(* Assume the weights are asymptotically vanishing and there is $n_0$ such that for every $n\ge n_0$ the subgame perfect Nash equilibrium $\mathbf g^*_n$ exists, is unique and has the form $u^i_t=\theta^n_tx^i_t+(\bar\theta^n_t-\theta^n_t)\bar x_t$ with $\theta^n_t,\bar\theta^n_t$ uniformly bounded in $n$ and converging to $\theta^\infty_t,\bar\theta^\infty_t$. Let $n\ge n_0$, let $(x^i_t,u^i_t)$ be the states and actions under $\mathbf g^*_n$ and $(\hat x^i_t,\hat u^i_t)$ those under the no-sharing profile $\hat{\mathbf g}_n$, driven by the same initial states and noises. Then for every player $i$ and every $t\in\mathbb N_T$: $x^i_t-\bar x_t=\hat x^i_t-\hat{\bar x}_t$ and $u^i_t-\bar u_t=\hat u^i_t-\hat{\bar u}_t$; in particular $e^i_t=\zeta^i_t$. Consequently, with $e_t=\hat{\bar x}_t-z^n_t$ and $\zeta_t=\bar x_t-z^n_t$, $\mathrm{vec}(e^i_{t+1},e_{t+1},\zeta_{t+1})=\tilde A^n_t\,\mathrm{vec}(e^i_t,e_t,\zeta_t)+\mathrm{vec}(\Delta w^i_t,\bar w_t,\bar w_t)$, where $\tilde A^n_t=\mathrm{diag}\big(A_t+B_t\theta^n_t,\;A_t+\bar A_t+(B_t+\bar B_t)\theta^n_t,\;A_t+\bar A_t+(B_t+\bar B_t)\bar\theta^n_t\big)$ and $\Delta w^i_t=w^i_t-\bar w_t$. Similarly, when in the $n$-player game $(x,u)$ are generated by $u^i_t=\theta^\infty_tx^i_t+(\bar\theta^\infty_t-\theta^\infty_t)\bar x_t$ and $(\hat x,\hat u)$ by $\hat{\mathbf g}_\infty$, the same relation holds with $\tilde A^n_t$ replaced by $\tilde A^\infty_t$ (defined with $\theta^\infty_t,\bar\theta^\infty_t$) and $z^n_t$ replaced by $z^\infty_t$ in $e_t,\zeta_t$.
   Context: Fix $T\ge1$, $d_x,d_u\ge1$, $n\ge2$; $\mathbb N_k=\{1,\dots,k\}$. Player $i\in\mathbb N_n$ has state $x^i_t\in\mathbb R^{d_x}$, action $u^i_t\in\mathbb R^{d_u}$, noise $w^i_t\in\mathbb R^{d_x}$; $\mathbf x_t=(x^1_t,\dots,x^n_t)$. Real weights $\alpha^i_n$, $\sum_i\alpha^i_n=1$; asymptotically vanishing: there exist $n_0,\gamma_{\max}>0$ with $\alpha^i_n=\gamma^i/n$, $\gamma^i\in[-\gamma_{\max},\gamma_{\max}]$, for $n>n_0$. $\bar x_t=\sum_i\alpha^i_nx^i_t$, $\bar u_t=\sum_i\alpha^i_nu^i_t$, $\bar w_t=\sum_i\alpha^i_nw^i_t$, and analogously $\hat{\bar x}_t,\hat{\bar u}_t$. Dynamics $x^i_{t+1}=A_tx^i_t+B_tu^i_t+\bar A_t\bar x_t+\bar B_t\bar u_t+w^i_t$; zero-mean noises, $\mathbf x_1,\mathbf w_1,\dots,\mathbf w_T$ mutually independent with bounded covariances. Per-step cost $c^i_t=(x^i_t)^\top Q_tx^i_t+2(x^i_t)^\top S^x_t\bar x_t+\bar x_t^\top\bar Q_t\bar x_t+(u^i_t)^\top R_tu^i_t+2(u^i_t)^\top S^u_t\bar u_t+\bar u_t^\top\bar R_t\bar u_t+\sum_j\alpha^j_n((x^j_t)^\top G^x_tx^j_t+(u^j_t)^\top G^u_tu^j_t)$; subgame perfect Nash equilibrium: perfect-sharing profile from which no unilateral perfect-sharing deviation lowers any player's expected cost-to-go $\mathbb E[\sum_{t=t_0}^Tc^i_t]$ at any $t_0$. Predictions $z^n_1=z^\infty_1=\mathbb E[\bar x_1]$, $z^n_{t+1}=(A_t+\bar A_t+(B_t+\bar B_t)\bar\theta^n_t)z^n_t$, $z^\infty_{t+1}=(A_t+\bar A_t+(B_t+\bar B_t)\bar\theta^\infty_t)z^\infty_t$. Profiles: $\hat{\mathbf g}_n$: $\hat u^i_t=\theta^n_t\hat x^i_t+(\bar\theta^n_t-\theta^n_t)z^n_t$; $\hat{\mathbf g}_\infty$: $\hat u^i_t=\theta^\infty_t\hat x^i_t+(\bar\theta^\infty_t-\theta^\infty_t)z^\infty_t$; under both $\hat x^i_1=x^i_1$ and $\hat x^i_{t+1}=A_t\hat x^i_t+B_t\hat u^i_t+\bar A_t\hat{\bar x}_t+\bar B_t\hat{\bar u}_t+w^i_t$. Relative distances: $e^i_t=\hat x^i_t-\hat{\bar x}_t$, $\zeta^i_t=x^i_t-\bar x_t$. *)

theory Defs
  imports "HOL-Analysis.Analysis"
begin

--

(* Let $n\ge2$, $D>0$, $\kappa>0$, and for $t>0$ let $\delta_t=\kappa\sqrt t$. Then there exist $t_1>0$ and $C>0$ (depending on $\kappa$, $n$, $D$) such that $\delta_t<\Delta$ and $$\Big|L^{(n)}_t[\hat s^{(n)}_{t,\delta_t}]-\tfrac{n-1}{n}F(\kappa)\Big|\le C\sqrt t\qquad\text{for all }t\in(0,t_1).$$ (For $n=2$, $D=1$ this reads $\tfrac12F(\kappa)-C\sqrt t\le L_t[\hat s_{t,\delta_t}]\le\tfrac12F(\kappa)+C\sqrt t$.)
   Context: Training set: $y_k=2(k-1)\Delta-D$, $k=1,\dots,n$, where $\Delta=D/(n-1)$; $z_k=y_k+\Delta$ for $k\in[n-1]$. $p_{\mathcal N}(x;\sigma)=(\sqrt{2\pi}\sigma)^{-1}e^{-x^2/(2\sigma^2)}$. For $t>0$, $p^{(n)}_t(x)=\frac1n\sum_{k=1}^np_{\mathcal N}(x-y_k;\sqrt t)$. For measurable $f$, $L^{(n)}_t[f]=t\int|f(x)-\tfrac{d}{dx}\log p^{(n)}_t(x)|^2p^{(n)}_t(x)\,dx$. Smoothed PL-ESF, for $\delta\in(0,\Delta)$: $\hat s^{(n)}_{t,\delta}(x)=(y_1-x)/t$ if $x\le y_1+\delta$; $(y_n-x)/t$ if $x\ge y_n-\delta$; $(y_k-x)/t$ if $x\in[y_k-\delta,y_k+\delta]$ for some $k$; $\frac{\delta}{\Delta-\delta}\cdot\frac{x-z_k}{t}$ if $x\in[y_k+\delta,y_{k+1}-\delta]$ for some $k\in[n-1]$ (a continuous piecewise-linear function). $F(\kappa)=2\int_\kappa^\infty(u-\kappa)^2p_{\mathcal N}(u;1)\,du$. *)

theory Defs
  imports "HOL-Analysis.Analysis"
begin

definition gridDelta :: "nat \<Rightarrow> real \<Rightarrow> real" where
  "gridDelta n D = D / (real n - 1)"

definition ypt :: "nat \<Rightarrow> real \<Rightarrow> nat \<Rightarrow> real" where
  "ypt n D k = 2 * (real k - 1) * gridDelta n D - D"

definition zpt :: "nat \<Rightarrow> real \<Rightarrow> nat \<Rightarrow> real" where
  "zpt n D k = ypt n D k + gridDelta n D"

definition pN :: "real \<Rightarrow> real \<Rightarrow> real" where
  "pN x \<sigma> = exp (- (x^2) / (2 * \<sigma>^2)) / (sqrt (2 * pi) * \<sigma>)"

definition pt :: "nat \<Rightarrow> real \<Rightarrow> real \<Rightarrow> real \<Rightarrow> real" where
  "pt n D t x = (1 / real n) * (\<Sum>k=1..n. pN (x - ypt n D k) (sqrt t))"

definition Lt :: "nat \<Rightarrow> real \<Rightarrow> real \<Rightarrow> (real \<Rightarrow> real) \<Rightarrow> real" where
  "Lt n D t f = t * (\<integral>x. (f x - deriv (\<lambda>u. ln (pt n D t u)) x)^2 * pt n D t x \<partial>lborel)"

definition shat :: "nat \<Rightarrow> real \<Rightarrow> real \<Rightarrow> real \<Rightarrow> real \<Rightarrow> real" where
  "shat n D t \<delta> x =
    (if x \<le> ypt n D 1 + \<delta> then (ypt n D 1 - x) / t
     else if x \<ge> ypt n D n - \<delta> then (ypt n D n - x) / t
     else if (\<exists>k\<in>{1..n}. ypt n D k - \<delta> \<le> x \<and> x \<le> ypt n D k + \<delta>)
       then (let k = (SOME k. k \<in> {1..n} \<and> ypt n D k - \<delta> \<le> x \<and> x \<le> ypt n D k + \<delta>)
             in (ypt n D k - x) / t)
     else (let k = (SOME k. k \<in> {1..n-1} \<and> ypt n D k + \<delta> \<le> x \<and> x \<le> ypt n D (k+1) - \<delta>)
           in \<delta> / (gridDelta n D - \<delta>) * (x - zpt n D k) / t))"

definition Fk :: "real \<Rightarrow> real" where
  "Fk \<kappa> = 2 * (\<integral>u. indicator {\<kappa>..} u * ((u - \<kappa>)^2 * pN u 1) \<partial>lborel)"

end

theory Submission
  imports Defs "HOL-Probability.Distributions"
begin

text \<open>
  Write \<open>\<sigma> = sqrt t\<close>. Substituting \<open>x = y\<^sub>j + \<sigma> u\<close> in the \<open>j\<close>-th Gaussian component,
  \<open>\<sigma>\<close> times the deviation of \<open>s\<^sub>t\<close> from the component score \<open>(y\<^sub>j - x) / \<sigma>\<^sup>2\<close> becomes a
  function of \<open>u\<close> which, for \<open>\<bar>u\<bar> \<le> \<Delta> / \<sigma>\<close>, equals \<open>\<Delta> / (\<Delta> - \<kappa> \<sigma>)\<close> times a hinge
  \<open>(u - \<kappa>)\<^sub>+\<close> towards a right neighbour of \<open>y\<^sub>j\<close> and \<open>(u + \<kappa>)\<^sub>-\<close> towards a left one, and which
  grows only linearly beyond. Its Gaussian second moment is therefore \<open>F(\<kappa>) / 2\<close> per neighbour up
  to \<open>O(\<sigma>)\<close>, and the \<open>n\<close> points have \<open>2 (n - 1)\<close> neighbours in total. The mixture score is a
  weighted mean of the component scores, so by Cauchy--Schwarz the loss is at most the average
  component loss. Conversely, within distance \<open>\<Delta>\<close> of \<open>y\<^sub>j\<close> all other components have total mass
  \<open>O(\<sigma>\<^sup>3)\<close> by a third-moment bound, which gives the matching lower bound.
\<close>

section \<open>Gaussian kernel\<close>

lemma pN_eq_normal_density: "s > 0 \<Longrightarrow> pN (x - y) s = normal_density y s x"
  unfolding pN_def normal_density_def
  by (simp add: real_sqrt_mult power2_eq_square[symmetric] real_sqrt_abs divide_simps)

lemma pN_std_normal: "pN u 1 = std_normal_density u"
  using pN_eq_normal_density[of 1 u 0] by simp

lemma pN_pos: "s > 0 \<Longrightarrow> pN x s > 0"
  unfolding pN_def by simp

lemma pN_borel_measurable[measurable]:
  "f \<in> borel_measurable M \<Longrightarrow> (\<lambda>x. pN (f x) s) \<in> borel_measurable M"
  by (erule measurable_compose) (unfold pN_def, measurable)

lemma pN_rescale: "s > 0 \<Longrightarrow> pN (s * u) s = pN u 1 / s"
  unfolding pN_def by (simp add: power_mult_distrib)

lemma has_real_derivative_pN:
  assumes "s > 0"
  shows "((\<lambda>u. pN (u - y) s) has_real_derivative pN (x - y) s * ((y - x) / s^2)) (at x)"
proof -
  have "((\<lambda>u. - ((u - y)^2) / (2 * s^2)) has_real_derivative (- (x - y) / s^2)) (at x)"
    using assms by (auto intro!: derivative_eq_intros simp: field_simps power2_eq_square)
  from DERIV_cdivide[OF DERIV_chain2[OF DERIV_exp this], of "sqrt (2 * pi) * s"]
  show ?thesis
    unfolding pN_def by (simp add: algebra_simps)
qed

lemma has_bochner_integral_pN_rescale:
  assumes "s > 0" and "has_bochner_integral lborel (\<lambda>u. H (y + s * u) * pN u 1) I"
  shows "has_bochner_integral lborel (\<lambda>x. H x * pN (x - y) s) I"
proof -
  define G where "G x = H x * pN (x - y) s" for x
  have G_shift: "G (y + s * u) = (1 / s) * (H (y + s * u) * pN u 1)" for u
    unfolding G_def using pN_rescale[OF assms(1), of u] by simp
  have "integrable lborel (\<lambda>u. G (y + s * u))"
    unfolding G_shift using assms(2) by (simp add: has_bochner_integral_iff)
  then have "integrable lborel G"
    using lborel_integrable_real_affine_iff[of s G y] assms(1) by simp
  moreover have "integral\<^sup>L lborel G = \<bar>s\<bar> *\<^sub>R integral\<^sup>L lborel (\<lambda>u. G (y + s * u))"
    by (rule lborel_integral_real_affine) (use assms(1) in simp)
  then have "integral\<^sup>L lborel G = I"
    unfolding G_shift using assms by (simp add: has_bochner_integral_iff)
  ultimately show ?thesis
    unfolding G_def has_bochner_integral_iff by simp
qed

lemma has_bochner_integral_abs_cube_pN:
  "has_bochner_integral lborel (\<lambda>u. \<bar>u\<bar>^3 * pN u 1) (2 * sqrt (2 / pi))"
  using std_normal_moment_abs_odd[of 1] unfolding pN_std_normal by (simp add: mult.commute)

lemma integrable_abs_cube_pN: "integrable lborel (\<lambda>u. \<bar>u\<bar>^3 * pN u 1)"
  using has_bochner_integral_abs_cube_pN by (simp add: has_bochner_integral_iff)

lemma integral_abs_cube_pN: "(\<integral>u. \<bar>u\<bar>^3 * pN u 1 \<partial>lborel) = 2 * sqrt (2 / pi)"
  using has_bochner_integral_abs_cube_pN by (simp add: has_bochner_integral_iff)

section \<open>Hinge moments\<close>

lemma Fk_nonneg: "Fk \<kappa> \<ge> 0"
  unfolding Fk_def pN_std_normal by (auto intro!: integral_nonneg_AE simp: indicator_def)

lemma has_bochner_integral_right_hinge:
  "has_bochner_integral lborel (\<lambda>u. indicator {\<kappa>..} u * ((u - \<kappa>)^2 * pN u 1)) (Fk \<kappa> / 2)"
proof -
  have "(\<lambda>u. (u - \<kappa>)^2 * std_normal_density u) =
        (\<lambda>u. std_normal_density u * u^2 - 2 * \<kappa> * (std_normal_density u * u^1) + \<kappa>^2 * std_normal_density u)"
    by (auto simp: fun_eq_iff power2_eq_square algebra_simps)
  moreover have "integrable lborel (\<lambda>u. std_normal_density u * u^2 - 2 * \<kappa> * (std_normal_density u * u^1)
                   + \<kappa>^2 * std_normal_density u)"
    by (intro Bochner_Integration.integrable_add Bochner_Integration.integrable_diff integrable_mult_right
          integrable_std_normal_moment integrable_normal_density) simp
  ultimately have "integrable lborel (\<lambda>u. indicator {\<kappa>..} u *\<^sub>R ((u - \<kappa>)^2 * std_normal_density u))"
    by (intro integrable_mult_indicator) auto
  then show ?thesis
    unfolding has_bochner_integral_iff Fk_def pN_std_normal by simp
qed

WORK TO COMPLETE =>
How many lines in this material contain the string "auto"? Only the number is wanted.

TASK RESULT =>
4